Error in plotting points in DOE

Here is the error that shows up:
If you continue running, the application may become unstable. Consider saving your work now.
Error: can’t set attribute
File “…/defaultnodes/surrogate_modeling_analysis/design_of_experiments.py”, line 833, in build_doe
self.update_plot()
File “…/defaultnodes/surrogate_modeling_analysis/design_of_experiments.py”, line 1053, in update_plot
self.plot.clearAxesData()
File “…/tools/matplotlib_helper.py”, line 88, in func_wrapper
return func(*args, **kwargs)
File “…/tools/matplotlib_helper.py”, line 1399, in clearAxesData
self._clearAxesData()
File “…/tools/matplotlib_helper.py”, line 2017, in _clearAxesData
self.axes.clearData()
File “…/tools/matplotlib_helper.py”, line 575, in clearData
self._clearMPLData(True)
File “…/tools/matplotlib_helper.py”, line 704, in _clearMPLData
self.ax.lines = []

How should I fix this issue?

can you share the *.nc file?

Here is the .nc file link: https://file.io/JZBIL0ldiFOB

Any update? Is there a way to fix this issue?

nodeworks version: 20.2.0
Python version: 3.7.10 (default, Feb 26 2021, 18:47:35)
[GCC 7.3.0]
Qt wrapper: PyQt5
Qt version: 5.9.6
qtpy version: 2.0.1
Numpy version: 1.21.5

I fixed it (and a couple other issues with changes in library calls). Building a point release now.
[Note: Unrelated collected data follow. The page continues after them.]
lemma elasticity_one_or_infinity:
  assumes "atomic_monoid (Sr r)" "x \<in> Sr r"
  shows "elasticity (Sr r) x \<in> {1, \<infinity>}"
proof (cases "x = 0")
  case False
  with assms obtain f where f: "f \<in> factorizations (Sr r) x" by (auto simp: atomic_monoid_def)
  show ?thesis
  proof (cases "\<exists>h\<in>factorizations (Sr r) x. \<exists>n. P \<le> count h (r ^ n)")
    case True
    then have "elasticity (Sr r) x = \<infinity>"
      using elasticity_eq_infinity[OF False f] unbounded_lengths_if_digit_ge_P by blast
    then show ?thesis by simp
  next
    case False
    then have "h = f" if "h \<in> factorizations (Sr r) x" for h
      using that f r_less_1 factorization_Sr_powers[OF r_pos]
      by (intro low_digits_mset_unique) (auto simp: not_le)
    then have "elasticity (Sr r) x = 1" using elasticity_eq_one[OF \<open>x \<noteq> 0\<close> f] by blast
    then show ?thesis by simp
  qed
qed (simp add: elasticity_def)

end

lemma atoms_Sr_Nats:
  assumes "r \<in> \<nat>"
  shows "atoms (Sr r) \<subseteq> {1}"
proof
  have Nats: "y \<in> \<nat>" if "y \<in> Sr r" for y
    using that
  proof (induction rule: Sr.induct)
    case (add_pow y n)
    have "r ^ n \<in> \<nat>" using assms by (induction n) simp_all
    with add_pow show ?case by simp
  qed simp
  fix a assume a: "a \<in> atoms (Sr r)"
  then have "a \<in> \<nat>" "a \<noteq> 0" using Nats by (auto simp: atoms_def)
  then obtain k where k: "a = of_nat k" "k \<noteq> 0" by (auto elim: Nats_cases)
  have "k = 1"
  proof (rule ccontr)
    assume "k \<noteq> 1"
    then have "a = 1 + of_nat (k - 1)" "(of_nat (k - 1) :: rat) \<noteq> 0"
      using k by (auto simp: of_nat_diff)
    moreover have "(1 :: rat) \<in> Sr r" "of_nat (k - 1) \<in> Sr r"
      using of_nat_mult_power_in_Sr[of 1 r 0] of_nat_mult_power_in_Sr[of "k - 1" r 0] by simp_all
    ultimately have "\<exists>b\<in>Sr r. \<exists>c\<in>Sr r. b \<noteq> 0 \<and> c \<noteq> 0 \<and> a = b + c"
      by (intro bexI[of _ 1] bexI[of _ "of_nat (k - 1)"]) simp_all
    with a show False unfolding atoms_def by blast
  qed
  with k show "a \<in> {1}" by simp
qed

lemma elasticity_Sr_Nats:
  assumes "r \<in> \<nat>" "atomic_monoid (Sr r)" "x \<in> Sr r"
  shows "elasticity (Sr r) x = 1"
proof (cases "x = 0")
  case False
  have length: "of_nat (size h) = x" if "h \<in> factorizations (Sr r) x" for h
  proof -
    have "set_mset h \<subseteq> {1}" using that atoms_Sr_Nats[OF assms(1)] by (auto simp: factorizations_def)
    then have "sum_mset h = of_nat (size h)" by (induction h) auto
    then show ?thesis using that by (simp add: factorizations_def)
  qed
  obtain f where f: "f \<in> factorizations (Sr r) x" using assms(2,3) False by (auto simp: atomic_monoid_def)
  have "size h = size f" if "h \<in> factorizations (Sr r) x" for h
    using length[OF that] length[OF f] by simp
  then show ?thesis by (rule elasticity_eq_one[OF False f])
qed (simp add: elasticity_def)

lemma not_dense_if_elasticities_trivial:
  assumes "\<And>x. x \<in> S \<Longrightarrow> elasticity S x \<in> {1, \<infinity>}"
  shows "\<not> dense_in_ge1 (real_of_ereal ` (elasticity_set S - {\<infinity>}))"
proof -
  have "y = 1" if "y \<in> real_of_ereal ` (elasticity_set S - {\<infinity>})" for y
  proof -
    from that obtain x where "x \<in> S" "elasticity S x \<noteq> \<infinity>" "y = real_of_ereal (elasticity S x)"
      by (auto simp: elasticity_set_def)
    with assms show ?thesis by fastforce
  qed
  then show ?thesis unfolding dense_in_ge1_def by (metis less_irrefl one_less_numeral_iff order_refl semiring_norm(76))
qed

lemma lowest_terms_exists:
  assumes "0 < r"
  obtains P Q where "lowest_terms r P Q"
proof -
  obtain p q where pq: "quotient_of r = (p, q)" by (cases "quotient_of r")
  have "0 < q" "coprime p q" "r = of_int p / of_int q"
    using quotient_of_denom_pos[OF pq] quotient_of_coprime[OF pq] quotient_of_div[OF pq] by auto
  moreover from this assms have "0 < p" by (simp add: zero_less_divide_iff)
  ultimately have "lowest_terms r (nat p) (nat q)"
    by unfold_locales (simp_all add: coprime_int_iff[symmetric])
  then show thesis by (rule that)
qed
section \<open>A family of disjoint dense free subalgebras\<close>

locale dense_free_family =
  fixes sm :: "'k::{field,perfect_space} \<Rightarrow> 'a::{comm_ring,topological_space} \<Rightarrow> 'a"
    and A :: "'c set" and F :: "'a set"
    and \<theta> :: "nat \<times> 'c \<Rightarrow> 'a" and \<delta> :: "'c \<Rightarrow> 'c \<times> 'c \<times> 'c" and \<beta> :: "'c \<Rightarrow> 'a set"
  assumes cta: "comm_top_algebra sm"
    and indep_F: "alg_indep sm F"
    and dense_F: "closure (gen_alg sm F) = UNIV"
    and \<theta>_bij: "bij_betw \<theta> (UNIV \<times> A) F"
    and \<delta>_bij: "bij_betw \<delta> A (A \<times> A \<times> A)"
    and \<beta>_open: "\<And>u. open (\<beta> u)"
    and \<beta>_base: "\<And>S x. open S \<Longrightarrow> x \<in> S \<Longrightarrow> \<exists>u\<in>A. x \<in> \<beta> u \<and> \<beta> u \<subseteq> S"
begin

sublocale alg_action sm
  by (rule comm_top_algebra_imp_alg_action[OF cta])

text \<open>A code \<open>b \<in> A\<close> decodes as \<open>\<delta> b = (a, u, k)\<close>: the generator with index \<open>(n + 1, b)\<close>
  perturbs its \<open>target\<close> \<open>\<theta> (n, a)\<close> within the \<open>nbhd\<close> \<open>\<beta> u\<close> and
  belongs to the subalgebra with \<open>label\<close> \<open>k\<close>; \<open>inv_poly\<close> undoes the
  perturbation by recursion on the level \<open>n\<close>.\<close>

definition target :: "nat \<Rightarrow> 'c \<Rightarrow> 'a" where
  "target n b = \<theta> (n, fst (\<delta> b))"

definition nbhd :: "'c \<Rightarrow> 'a set" where
  "nbhd b = \<beta> (fst (snd (\<delta> b)))"

definition label :: "'c \<Rightarrow> 'c" where
  "label b = snd (snd (\<delta> b))"

definition coeff :: "nat \<Rightarrow> 'c \<Rightarrow> 'k" where
  "coeff n b = (SOME t. t \<noteq> 0 \<and>
     (target n b \<in> nbhd b \<longrightarrow> target n b + sm t (\<theta> (Suc n, b)) \<in> nbhd b))"

fun gen :: "nat \<times> 'c \<Rightarrow> 'a" where
  "gen (0, b) = \<theta> (0, b)"
| "gen (Suc n, b) = target n b + sm (coeff n b) (\<theta> (Suc n, b))"

fun gen_poly :: "nat \<times> 'c \<Rightarrow> 'a multiset \<Rightarrow>\<^sub>0 'k" where
  "gen_poly (0, b) = pvar (\<theta> (0, b))"
| "gen_poly (Suc n, b) = pvar (target n b) + poly_smult (coeff n b) (pvar (\<theta> (Suc n, b)))"

fun inv_poly :: "nat \<Rightarrow> 'c \<Rightarrow> (nat \<times> 'c) multiset \<Rightarrow>\<^sub>0 'k" where
  "inv_poly 0 b = pvar (0, b)"
| "inv_poly (Suc n) b =
     poly_smult (inverse (coeff n b)) (pvar (Suc n, b) - inv_poly n (fst (\<delta> b)))"

definition block :: "'c \<Rightarrow> (nat \<times> 'c) set" where
  "block k = {(Suc n, b) |n b. b \<in> A \<and> label b = k}"

definition subalg :: "'c \<Rightarrow> 'a set" where
  "subalg k = gen_alg sm (gen ` block k)"

lemma \<delta>_in: "b \<in> A \<Longrightarrow> fst (\<delta> b) \<in> A"
  using bij_betwE[OF \<delta>_bij] by (simp add: mem_Times_iff)

lemma \<theta>_in: "j \<in> UNIV \<times> A \<Longrightarrow> \<theta> j \<in> F"
  using \<theta>_bij by (auto simp: bij_betw_def)

lemma coeff_spec:
  "coeff n b \<noteq> 0 \<and> (target n b \<in> nbhd b \<longrightarrow> gen (Suc n, b) \<in> nbhd b)"
proof -
  have "\<exists>t. t \<noteq> 0 \<and> (target n b \<in> nbhd b \<longrightarrow> target n b + sm t (\<theta> (Suc n, b)) \<in> nbhd b)"
  proof (cases "target n b \<in> nbhd b")
    case True
    then show ?thesis
      using exists_nonzero_perturbation[OF cta \<beta>_open] by (simp add: nbhd_def)
  qed (auto intro: exI[of _ 1])
  then show ?thesis
    unfolding coeff_def gen.simps by (rule someI_ex)
qed

lemma peval_gen_poly: "peval sm id (gen_poly j) = gen j"
  by (cases j rule: gen.cases) (simp_all add: peval_add peval_smult peval_pvar)

lemma gen_poly_in_ncpolys: "j \<in> UNIV \<times> A \<Longrightarrow> gen_poly j \<in> ncpolys F"
  by (cases j rule: gen.cases)
    (auto simp: target_def \<theta>_in \<delta>_in intro!: ncpolys_add ncpolys_smult ncpolys_pvar)

lemma peval_inv_poly_gen_poly:
  assumes "j \<in> UNIV \<times> A"
  shows "peval poly_smult (case_prod inv_poly \<circ> inv_into (UNIV \<times> A) \<theta>) (gen_poly j) = pvar j"
proof -
  have subst: "(case_prod inv_poly \<circ> inv_into (UNIV \<times> A) \<theta>) (\<theta> i) = case_prod inv_poly i"
    if "i \<in> UNIV \<times> A" for i
    using that \<theta>_bij by (simp add: bij_betw_def)
  show ?thesis
  proof (cases j rule: gen.cases)
    case (1 b)
    then show ?thesis
      using assms subst by (simp add: poly_action.peval_pvar)
  next
    case (2 n b)
    then have "b \<in> A"
      using assms by simp
    have "coeff n b * inverse (coeff n b) = 1"
      using coeff_spec by simp
    then show ?thesis
      using 2 assms subst \<delta>_in[OF \<open>b \<in> A\<close>]
      by (simp add: target_def poly_action.peval_add poly_action.peval_smult poly_action.peval_pvar
          poly_action.sm_sm poly_action.sm_one)
  qed
qed

lemma inj_on_gen: "inj_on gen (UNIV \<times> A)"
  by (rule inj_on_of_substitution[OF indep_F gen_poly_in_ncpolys peval_gen_poly
        peval_inv_poly_gen_poly])

lemma alg_indep_gen: "alg_indep sm (gen ` (UNIV \<times> A))"
  by (rule alg_indep_of_substitution[OF indep_F gen_poly_in_ncpolys peval_gen_poly
        peval_inv_poly_gen_poly])

lemma block_subset: "block k \<subseteq> UNIV \<times> A"
  unfolding block_def by auto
I really appreciate your update. Is a notification sent once the point release is available in the public domain?

I just pushed a conda package release candidate, version 22.1.0. I am still testing it, need to iron out a couple issues with the pipeline, but you can install it via:

conda  install nodeworks=22.1.0 -c https://mfix.netl.doe.gov/s3/<key>/conda/dist -c conda-forge

Hello onlyjus,
I installed the point release and everything is working well now. I really appreciate your help. Are the issues in the pipeline related to surrogate modelling?

Thank you.

Abhijeet C.

No, building the other packaging options and deploying updated documentation.

Although, the Gaussian Process method in the Response Surface Node is acting a little strange. Seems like Scikit-learn changed something. I am still playing around with that.